Every line of the listing that holds the word "longleftrightarrow" should be returned.

BEGIN

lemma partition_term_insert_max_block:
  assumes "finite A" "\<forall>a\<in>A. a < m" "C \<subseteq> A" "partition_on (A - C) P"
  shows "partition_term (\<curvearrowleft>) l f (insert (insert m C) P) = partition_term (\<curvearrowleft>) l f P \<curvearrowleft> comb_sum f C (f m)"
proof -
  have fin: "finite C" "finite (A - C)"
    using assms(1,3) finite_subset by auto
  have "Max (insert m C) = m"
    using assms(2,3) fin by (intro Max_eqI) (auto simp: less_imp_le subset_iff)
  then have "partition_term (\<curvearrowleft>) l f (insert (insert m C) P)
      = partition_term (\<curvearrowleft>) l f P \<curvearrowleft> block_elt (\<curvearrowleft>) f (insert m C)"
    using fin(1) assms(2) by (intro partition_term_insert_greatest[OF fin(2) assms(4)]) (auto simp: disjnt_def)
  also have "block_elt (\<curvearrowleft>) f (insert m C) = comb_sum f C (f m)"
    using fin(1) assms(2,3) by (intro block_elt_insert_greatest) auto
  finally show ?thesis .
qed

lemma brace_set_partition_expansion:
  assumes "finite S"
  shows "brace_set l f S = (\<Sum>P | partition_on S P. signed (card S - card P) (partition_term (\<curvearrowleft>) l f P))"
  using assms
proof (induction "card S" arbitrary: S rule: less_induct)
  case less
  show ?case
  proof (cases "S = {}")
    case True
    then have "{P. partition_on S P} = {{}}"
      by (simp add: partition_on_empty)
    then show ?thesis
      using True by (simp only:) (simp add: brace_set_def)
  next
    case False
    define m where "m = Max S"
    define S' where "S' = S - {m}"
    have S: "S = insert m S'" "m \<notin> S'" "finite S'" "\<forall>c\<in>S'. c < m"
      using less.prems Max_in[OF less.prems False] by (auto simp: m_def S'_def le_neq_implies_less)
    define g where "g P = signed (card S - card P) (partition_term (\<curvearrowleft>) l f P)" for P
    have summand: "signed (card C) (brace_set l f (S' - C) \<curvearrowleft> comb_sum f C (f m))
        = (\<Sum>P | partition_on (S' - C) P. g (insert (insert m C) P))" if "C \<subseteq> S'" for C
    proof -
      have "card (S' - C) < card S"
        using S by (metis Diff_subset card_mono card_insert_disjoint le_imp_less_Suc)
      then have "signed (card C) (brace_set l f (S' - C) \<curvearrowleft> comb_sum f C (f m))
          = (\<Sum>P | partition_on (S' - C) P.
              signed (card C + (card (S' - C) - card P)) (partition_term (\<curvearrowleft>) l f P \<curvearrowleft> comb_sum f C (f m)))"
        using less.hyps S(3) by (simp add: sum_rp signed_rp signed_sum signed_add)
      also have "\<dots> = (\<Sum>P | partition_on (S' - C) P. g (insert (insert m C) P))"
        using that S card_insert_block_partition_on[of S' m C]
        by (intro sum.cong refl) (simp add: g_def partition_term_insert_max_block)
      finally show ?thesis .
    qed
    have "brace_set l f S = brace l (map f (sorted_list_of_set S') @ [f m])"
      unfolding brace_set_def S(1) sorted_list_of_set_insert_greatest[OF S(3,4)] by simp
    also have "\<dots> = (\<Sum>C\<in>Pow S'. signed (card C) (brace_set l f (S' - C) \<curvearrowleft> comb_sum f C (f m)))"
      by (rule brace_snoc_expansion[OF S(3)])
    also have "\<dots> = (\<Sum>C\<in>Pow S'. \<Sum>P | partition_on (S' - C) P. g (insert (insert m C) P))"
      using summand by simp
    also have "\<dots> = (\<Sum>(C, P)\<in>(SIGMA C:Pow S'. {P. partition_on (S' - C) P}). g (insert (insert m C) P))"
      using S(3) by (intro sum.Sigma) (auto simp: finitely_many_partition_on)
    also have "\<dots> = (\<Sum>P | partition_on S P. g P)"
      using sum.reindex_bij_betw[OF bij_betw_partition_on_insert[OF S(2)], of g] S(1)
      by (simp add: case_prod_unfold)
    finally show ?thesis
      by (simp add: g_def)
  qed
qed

END
BEGIN

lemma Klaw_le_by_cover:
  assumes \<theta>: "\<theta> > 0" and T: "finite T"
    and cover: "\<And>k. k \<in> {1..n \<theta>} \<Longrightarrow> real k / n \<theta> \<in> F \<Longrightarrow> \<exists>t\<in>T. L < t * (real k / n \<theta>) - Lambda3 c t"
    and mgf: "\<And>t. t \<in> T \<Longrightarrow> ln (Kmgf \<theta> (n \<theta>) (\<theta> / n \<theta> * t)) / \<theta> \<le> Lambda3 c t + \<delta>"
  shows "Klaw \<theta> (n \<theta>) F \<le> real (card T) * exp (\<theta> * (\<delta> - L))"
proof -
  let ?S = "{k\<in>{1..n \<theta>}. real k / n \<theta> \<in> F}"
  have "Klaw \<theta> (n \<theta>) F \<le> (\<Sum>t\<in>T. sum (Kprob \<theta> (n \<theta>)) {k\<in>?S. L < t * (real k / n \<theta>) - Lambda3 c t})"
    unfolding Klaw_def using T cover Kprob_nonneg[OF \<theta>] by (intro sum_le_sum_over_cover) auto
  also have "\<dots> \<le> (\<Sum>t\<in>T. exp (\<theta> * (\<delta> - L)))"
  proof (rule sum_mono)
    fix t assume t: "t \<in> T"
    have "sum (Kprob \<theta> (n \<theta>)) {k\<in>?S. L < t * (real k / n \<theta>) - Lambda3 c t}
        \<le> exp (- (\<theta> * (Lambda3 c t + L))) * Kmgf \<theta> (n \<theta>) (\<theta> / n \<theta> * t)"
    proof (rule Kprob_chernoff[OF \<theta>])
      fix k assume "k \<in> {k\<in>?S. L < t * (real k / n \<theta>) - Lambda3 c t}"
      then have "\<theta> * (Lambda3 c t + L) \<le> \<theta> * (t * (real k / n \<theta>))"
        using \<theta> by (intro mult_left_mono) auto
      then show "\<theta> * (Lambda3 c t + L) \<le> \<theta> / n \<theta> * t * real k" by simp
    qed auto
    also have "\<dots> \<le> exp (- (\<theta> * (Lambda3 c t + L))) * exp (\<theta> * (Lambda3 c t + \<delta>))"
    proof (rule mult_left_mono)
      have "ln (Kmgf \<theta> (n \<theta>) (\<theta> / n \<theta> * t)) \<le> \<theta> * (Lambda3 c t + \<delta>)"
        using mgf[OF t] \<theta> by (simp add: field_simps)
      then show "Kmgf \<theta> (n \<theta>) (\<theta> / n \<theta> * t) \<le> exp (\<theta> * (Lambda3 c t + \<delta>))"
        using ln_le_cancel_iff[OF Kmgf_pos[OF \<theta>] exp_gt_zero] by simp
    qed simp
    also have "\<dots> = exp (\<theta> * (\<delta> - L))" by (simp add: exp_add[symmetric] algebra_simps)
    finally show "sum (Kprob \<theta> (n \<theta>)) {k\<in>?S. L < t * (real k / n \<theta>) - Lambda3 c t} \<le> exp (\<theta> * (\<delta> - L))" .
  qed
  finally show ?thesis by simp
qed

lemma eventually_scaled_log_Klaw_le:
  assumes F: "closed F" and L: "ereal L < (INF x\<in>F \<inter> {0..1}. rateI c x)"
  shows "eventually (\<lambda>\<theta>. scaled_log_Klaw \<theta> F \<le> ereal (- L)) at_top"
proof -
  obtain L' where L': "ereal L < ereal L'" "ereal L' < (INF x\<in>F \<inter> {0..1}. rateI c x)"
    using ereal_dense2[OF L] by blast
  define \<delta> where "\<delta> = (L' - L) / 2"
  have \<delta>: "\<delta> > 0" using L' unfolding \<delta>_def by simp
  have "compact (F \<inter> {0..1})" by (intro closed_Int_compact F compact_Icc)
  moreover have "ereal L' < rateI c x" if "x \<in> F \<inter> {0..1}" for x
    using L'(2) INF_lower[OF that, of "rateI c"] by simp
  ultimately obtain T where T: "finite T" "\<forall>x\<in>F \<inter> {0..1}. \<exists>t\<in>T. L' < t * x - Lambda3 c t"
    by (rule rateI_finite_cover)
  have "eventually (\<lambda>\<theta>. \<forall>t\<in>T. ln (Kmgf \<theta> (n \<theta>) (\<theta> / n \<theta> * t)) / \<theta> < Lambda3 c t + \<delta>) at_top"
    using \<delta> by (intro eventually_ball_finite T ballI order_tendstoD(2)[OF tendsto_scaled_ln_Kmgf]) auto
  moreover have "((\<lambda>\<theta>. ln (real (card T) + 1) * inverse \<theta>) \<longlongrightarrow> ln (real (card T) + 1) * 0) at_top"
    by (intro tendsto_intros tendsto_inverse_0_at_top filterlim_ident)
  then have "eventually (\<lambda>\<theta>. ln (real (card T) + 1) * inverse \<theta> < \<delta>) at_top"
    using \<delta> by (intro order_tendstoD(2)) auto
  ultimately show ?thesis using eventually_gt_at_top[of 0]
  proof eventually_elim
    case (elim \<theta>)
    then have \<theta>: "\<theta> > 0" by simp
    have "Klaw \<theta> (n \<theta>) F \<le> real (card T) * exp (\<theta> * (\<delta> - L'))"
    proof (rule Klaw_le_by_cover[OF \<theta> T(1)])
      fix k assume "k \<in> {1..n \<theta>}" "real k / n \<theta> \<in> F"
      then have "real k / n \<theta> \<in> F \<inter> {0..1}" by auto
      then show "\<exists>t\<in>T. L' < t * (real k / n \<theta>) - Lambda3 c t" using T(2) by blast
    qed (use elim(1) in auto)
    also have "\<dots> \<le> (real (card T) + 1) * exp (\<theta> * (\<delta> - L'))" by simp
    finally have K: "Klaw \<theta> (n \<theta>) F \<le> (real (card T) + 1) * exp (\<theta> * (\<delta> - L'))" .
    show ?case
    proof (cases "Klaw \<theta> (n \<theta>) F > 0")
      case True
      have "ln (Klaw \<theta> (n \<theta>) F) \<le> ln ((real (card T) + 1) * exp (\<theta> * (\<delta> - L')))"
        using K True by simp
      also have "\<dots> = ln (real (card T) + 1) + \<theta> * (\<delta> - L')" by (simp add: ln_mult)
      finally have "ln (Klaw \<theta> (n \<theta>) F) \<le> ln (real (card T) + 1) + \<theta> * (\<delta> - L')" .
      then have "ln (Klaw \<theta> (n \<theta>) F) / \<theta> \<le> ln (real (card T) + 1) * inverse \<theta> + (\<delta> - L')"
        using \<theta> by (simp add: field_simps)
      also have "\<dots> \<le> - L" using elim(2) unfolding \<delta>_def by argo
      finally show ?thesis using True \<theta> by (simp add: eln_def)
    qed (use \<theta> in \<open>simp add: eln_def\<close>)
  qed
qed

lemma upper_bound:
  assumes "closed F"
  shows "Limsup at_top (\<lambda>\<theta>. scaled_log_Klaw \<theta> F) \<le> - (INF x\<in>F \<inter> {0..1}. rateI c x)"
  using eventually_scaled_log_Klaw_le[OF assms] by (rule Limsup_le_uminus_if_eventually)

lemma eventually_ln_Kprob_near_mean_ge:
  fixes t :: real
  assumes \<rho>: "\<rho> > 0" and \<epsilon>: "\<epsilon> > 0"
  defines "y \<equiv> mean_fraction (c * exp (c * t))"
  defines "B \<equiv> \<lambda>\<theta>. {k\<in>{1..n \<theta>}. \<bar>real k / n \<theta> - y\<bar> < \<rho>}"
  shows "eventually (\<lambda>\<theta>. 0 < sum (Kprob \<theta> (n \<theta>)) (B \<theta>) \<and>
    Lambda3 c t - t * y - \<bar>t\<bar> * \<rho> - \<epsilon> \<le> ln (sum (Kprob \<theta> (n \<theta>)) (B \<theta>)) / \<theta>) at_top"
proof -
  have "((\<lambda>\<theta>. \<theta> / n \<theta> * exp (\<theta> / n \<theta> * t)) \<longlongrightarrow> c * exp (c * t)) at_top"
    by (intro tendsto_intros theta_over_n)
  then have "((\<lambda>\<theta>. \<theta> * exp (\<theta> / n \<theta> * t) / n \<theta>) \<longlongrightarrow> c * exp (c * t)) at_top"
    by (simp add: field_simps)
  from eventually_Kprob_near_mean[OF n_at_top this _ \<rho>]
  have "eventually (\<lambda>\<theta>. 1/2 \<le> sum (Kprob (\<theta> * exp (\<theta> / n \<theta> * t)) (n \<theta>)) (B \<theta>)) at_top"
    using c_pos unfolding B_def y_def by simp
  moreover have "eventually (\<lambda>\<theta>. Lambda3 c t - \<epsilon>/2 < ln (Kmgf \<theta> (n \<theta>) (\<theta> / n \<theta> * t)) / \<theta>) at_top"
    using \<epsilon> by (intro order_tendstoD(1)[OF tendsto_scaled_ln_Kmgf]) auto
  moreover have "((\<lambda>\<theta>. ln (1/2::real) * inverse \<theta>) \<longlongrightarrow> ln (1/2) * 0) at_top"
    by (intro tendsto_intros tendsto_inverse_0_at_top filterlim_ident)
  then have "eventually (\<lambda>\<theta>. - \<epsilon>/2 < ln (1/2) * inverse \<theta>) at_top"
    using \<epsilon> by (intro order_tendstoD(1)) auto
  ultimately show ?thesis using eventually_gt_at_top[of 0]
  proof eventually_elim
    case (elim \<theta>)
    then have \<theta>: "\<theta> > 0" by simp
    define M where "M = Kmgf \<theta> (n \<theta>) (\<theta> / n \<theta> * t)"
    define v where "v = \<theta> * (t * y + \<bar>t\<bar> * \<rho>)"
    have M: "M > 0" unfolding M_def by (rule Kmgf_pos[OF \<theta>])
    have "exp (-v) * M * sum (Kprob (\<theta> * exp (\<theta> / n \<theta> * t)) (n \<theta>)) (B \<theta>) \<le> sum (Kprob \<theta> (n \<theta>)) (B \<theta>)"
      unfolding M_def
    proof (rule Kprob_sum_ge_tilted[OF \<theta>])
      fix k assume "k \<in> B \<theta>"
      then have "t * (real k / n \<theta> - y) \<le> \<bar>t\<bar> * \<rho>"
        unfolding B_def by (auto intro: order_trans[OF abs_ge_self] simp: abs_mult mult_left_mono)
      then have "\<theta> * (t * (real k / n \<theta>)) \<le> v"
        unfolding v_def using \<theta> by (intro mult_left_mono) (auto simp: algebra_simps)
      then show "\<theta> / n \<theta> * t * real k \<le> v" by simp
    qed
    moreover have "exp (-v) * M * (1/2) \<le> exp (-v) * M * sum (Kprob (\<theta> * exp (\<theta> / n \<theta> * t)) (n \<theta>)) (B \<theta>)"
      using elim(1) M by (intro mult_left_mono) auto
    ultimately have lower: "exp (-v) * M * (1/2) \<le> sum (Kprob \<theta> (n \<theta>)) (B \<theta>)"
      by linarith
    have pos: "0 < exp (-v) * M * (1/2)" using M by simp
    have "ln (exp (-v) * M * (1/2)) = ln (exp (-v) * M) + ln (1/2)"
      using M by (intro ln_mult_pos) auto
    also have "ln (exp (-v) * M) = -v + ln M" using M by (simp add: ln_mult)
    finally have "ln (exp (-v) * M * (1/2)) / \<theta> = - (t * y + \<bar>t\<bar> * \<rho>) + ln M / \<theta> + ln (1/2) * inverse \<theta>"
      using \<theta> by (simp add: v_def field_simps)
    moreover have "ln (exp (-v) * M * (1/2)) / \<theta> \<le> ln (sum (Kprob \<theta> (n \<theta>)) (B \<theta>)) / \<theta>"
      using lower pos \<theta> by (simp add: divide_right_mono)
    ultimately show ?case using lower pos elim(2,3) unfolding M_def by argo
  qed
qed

END
BEGIN

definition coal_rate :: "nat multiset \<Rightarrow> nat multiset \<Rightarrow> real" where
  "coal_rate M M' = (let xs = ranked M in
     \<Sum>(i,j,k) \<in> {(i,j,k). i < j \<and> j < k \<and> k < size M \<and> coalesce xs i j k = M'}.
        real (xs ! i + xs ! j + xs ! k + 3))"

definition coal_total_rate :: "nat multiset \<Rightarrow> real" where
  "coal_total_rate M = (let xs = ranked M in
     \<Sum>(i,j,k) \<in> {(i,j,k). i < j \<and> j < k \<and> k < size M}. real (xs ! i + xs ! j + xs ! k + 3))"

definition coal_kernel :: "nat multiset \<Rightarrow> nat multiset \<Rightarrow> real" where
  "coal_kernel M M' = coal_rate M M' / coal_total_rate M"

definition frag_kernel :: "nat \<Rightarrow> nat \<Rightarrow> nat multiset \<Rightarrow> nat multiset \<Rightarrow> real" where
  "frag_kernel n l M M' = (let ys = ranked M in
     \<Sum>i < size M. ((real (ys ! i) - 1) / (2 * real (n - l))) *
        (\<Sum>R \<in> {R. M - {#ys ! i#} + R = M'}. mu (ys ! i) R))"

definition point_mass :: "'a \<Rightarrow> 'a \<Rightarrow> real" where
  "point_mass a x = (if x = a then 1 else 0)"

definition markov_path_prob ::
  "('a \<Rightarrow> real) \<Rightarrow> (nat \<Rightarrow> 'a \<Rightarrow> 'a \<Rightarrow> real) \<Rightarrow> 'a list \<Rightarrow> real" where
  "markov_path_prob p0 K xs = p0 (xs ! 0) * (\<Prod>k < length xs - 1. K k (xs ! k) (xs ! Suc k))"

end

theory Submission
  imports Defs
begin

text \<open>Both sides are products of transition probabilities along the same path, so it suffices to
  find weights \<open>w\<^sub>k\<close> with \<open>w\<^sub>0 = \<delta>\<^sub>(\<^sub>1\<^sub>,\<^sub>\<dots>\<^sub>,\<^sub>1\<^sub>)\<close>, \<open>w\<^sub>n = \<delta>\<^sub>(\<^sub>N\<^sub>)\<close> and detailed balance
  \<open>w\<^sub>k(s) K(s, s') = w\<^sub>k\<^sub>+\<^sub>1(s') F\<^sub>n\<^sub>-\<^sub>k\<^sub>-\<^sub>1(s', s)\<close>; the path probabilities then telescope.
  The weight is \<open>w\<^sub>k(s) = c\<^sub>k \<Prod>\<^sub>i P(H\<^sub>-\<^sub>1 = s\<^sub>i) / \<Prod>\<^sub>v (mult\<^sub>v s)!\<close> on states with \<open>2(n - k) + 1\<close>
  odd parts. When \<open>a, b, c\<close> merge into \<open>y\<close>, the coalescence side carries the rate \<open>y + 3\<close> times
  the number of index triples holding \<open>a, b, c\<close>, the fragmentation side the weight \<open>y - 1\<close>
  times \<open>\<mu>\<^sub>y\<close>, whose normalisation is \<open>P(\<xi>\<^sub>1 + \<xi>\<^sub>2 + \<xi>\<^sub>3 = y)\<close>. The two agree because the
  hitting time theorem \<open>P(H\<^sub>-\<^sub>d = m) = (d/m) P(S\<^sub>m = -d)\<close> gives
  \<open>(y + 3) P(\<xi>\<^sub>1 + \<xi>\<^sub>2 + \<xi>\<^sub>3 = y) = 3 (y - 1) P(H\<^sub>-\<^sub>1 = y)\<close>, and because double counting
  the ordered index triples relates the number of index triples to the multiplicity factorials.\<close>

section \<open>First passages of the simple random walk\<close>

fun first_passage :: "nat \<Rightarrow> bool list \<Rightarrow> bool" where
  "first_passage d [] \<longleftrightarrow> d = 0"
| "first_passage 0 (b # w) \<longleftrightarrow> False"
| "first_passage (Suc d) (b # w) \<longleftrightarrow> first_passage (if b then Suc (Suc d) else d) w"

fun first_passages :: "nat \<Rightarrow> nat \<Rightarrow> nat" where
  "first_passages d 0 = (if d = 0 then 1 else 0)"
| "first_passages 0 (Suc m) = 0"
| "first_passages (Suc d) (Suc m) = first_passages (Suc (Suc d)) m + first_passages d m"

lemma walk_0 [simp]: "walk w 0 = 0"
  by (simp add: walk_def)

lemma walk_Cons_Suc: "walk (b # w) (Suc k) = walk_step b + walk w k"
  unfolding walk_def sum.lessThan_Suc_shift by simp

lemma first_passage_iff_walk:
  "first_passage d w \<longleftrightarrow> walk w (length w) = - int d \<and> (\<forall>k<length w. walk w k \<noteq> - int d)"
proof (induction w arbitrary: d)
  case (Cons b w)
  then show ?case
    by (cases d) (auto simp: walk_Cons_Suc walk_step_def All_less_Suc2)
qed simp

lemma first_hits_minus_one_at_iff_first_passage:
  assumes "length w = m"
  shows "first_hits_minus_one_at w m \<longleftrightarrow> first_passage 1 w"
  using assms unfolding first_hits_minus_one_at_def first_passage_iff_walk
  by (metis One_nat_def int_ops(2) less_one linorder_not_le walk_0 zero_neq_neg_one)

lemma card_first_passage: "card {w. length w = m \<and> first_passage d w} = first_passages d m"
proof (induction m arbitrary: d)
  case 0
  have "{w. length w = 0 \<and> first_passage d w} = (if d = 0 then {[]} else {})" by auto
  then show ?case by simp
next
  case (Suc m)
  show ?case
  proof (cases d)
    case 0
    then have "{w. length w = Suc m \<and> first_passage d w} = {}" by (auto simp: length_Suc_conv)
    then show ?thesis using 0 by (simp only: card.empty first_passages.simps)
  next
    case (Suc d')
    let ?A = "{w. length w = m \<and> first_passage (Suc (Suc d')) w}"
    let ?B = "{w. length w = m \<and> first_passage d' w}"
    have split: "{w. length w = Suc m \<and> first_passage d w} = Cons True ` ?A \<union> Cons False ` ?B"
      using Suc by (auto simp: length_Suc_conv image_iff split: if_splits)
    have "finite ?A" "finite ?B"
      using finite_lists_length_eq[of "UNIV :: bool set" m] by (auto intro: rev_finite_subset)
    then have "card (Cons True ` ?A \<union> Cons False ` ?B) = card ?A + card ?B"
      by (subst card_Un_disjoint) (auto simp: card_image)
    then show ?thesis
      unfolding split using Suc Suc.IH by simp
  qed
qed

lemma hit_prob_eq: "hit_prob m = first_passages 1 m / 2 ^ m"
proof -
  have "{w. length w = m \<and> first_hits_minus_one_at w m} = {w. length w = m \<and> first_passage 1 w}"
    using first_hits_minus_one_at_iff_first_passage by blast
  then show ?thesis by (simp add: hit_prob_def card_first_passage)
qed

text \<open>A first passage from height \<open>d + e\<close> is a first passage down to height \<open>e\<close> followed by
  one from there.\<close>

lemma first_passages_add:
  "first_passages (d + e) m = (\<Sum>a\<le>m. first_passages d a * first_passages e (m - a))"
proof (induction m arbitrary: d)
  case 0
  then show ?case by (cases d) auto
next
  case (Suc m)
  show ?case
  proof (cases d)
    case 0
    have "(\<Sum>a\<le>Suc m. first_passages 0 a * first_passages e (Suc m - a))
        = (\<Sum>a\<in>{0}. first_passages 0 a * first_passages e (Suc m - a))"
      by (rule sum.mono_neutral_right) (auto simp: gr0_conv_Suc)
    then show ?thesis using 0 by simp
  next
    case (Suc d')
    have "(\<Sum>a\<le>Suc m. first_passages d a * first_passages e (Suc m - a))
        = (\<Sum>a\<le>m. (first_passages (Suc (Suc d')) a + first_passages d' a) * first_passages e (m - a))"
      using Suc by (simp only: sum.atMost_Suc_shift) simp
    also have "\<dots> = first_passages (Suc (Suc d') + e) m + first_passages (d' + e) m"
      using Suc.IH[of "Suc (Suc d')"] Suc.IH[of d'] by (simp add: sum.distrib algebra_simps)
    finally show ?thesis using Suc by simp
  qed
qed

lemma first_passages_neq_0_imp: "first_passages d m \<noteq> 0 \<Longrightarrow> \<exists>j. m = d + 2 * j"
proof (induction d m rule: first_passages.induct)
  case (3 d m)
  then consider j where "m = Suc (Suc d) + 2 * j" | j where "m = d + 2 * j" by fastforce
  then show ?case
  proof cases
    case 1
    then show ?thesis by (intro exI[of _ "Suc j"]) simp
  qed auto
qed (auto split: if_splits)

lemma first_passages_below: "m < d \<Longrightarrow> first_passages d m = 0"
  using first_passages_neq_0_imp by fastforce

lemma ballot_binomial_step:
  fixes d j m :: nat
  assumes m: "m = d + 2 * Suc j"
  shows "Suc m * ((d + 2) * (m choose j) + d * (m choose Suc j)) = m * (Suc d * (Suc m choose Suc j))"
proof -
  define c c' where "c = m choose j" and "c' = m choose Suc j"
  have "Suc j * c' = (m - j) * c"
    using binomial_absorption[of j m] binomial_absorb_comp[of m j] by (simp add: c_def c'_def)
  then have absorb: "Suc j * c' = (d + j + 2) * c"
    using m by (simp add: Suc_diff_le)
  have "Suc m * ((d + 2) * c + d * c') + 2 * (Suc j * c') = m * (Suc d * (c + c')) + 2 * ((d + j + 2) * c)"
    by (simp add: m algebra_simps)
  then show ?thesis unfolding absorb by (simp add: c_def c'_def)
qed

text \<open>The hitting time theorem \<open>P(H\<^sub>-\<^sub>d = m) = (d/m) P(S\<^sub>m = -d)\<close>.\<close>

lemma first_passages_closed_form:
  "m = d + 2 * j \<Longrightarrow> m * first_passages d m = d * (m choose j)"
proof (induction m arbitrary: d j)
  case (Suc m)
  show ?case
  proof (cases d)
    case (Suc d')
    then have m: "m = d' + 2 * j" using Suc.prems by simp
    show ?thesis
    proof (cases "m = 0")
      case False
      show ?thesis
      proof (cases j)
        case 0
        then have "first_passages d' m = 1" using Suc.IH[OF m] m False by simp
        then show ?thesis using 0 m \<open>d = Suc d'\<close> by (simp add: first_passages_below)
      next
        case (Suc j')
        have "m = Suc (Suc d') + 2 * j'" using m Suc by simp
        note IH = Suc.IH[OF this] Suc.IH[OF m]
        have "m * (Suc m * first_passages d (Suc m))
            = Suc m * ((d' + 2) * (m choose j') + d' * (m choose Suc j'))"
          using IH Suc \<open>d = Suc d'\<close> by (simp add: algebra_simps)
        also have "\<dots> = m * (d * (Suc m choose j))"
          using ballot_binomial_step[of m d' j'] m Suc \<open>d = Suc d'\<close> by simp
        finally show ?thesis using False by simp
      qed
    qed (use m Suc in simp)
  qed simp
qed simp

END

### Answer space
  "first_passage d [] \<longleftrightarrow> d = 0"
| "first_passage 0 (b # w) \<longleftrightarrow> False"
| "first_passage (Suc d) (b # w) \<longleftrightarrow> first_passage (if b then Suc (Suc d) else d) w"
  "first_passage d w \<longleftrightarrow> walk w (length w) = - int d \<and> (\<forall>k<length w. walk w k \<noteq> - int d)"
  shows "first_hits_minus_one_at w m \<longleftrightarrow> first_passage 1 w"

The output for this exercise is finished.